The critical elements of implicit unconscious intersubjective communications embedded in affectively charged attachment transactions are more than mental contents; rather, they are interactively communicated and regulated and dysregulated psychobiological somatic processes that mediate shared conscious and unconscious emotional states. Recall Freud’s remark to Groddeck: “The unconscious is the proper mediator between the somatic and the mental, perhaps the long-sought ‘missing link’”.

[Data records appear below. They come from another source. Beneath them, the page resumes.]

lemma price_opt_payoff_le:
  assumes "robust_feasible FFSD (law r) (law ` {\<mu>1..}) M0 h"
  shows "integral\<^sup>L (law r) opt_payoff \<le> integral\<^sup>L (law r) h"
proof -
  have h: "payoff (law r) h" using assms by (simp add: robust_feasible_def)
  have "ennreal (integral\<^sup>L (law r) opt_payoff) \<le> ennreal (integral\<^sup>L (law r) h)"
    unfolding price_eq_tail_integral[OF payoff_opt_payoff] price_eq_tail_integral[OF h]
    by (intro nn_integral_mono tail_le[OF assms])
  moreover have "0 \<le> integral\<^sup>L (law r) h"
    by (intro integral_nonneg_AE eventually_mono[OF AE_law_pos]) (use h in \<open>simp add: payoff_def\<close>)
  ultimately show ?thesis by simp
qed

lemma robust_solution_opt_payoff: "robust_solution FFSD r T (law r) (law ` {\<mu>1..}) M0 opt_payoff"
  unfolding robust_solution_def price_def
  using feasible_opt_payoff price_opt_payoff_le by (auto intro: mult_left_mono)

text \<open>Equal prices force equal \<open>Q\<close>-tails for almost every level \<open>t\<close>; by the equality case of the
  Neyman-Pearson lemma the superlevel sets then agree \<open>P(\<mu>\<^sub>1)\<close>-almost surely.\<close>
lemma robust_solution_unique:
  assumes "robust_solution FFSD r T (law r) (law ` {\<mu>1..}) M0 g"
  shows "AE x in law \<mu>1. g x = opt_payoff x"
proof -
  have g: "robust_feasible FFSD (law r) (law ` {\<mu>1..}) M0 g"
    using assms by (simp add: robust_solution_def)
  then have g_payoff: "payoff (law r) g" by (simp add: robust_feasible_def)
  then have g_measurable [measurable]: "g \<in> borel_measurable borel" by (simp add: payoff_def)
  have "integral\<^sup>L (law r) g \<le> integral\<^sup>L (law r) opt_payoff"
    using assms feasible_opt_payoff by (simp add: robust_solution_def price_def)
  then have "integral\<^sup>L (law r) g = integral\<^sup>L (law r) opt_payoff"
    using price_opt_payoff_le[OF g] by simp
  then have "AE t in lborel. indicator {0..} t * emeasure (law r) {x. t < g x}
      = indicator {0..} t * emeasure (law r) {x. t < opt_payoff x}"
    by (intro AE_eq_if_nn_integral_eq tail_le[OF g])
      (simp_all add: borel_measurable_tail[OF g_measurable] borel_measurable_tail[OF borel_measurable_opt_payoff]
        price_eq_tail_integral[OF g_payoff, symmetric]
        price_eq_tail_integral[OF payoff_opt_payoff, symmetric])
  then have "AE t in lborel. 0 \<le> t \<longrightarrow> (AE x in law \<mu>1. t < g x \<longleftrightarrow> t < opt_payoff x)"
    by (rule eventually_mono) (auto intro: tail_law_r_eq_imp_AE_eq[OF g] simp: emeasure_law)
  moreover have "AE x in law \<mu>1. 0 \<le> g x \<and> 0 \<le> opt_payoff x"
    by (rule eventually_mono[OF AE_law_pos]) (use g_payoff in \<open>simp add: payoff_def opt_payoff_nonneg\<close>)
  ultimately show ?thesis
    by (intro AE_eq_if_AE_superlevel_sets_eq prob_space_imp_sigma_finite[OF prob_space_law]) auto
qed

end

theorem mainTheorem5:
  fixes T r S0 s \<mu>1 :: real
  assumes "T > 0" and "S0 > 0" and "s > 0" and "\<mu>1 > r"
  defines "Q \<equiv> ST_law S0 s T r"
    and "\<P> \<equiv> ST_law S0 s T ` {\<mu>1..}"
    and "P1 \<equiv> ST_law S0 s T \<mu>1"
  shows "least_favorable FFSD Q \<P> P1
    \<and> (\<exists>h. strict_mono_on {0<..} h \<and> (AE x in Q. lik Q P1 x = h x))
    \<and> (\<forall>y. measure P1 {x. lik Q P1 x = y} = 0)
    \<and> integrable P1 (\<lambda>x. (1 / lik Q P1 x)\<^sup>2)
    \<and> (\<forall>M0. real_distribution M0 \<longrightarrow> (\<forall>x<0. cdf M0 x = 0)
          \<longrightarrow> set_integrable lborel {0<..<1} (\<lambda>u. (quantile (cdf M0) u)\<^sup>2)
          \<longrightarrow> robust_solution FFSD r T Q \<P> M0 (\<lambda>x. quantile (cdf M0) (cdf P1 x))
            \<and> (\<forall>g. robust_solution FFSD r T Q \<P> M0 g
                   \<longrightarrow> (AE x in P1. g x = quantile (cdf M0) (cdf P1 x))))"
proof -
  have market: "lognormal_market S0 s T r \<mu>1"
    using assms by unfold_locales auto
  interpret lognormal_market S0 s T r \<mu>1 by (rule market)
  have cost_efficiency:
    "robust_solution FFSD r T (law r) (law ` {\<mu>1..}) M0 (\<lambda>x. quantile (cdf M0) (cdf (law \<mu>1) x))
      \<and> (\<forall>g. robust_solution FFSD r T (law r) (law ` {\<mu>1..}) M0 g
             \<longrightarrow> (AE x in law \<mu>1. g x = quantile (cdf M0) (cdf (law \<mu>1) x)))"
    if "real_distribution M0" "\<forall>x<0. cdf M0 x = 0"
      "set_integrable lborel {0<..<1} (\<lambda>u. (quantile (cdf M0) u)\<^sup>2)" for M0
  proof -
    interpret robust_cost_efficiency S0 s T r \<mu>1 M0
      by (rule robust_cost_efficiency.intro[OF market robust_cost_efficiency_axioms.intro[OF that]])
    show ?thesis
      using robust_solution_opt_payoff robust_solution_unique by (simp add: opt_payoff_def[abs_def])
  qed
  show ?thesis
    unfolding Q_def \<P>_def P1_def
    using least_favorable lik_strict_mono lik_atomless integrable_inverse_lik_square cost_efficiency
    by (intro conjI allI impI) simp_all
qed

The essential biological purpose of intersubjective communications in all human interactions, including those embedded in the psychobiological core of the therapeutic alliance, is the regulation of right-brain/mind/body states.
Andrade suggests that it is the affective link, conveyed through intersubjective “empathetic introjective reciprocal identification” (p. 694), that leads to both psychic and somatic change.” _Allan N Schore. “Affect Dysregulation & Disorders of the Self.”
Core affect/emotion is suppressed for the sake of subjective harmony from around 18 months of age on-wards, and perhaps we all pay a price for an adult collusion of Descartes famous error?
Is it the fear of infectious emotion that sees us prefer on “objectified” sense of self that allows this presumption of symptom expression, as separate parts like experience, and a continuum of body/brain/mind expression?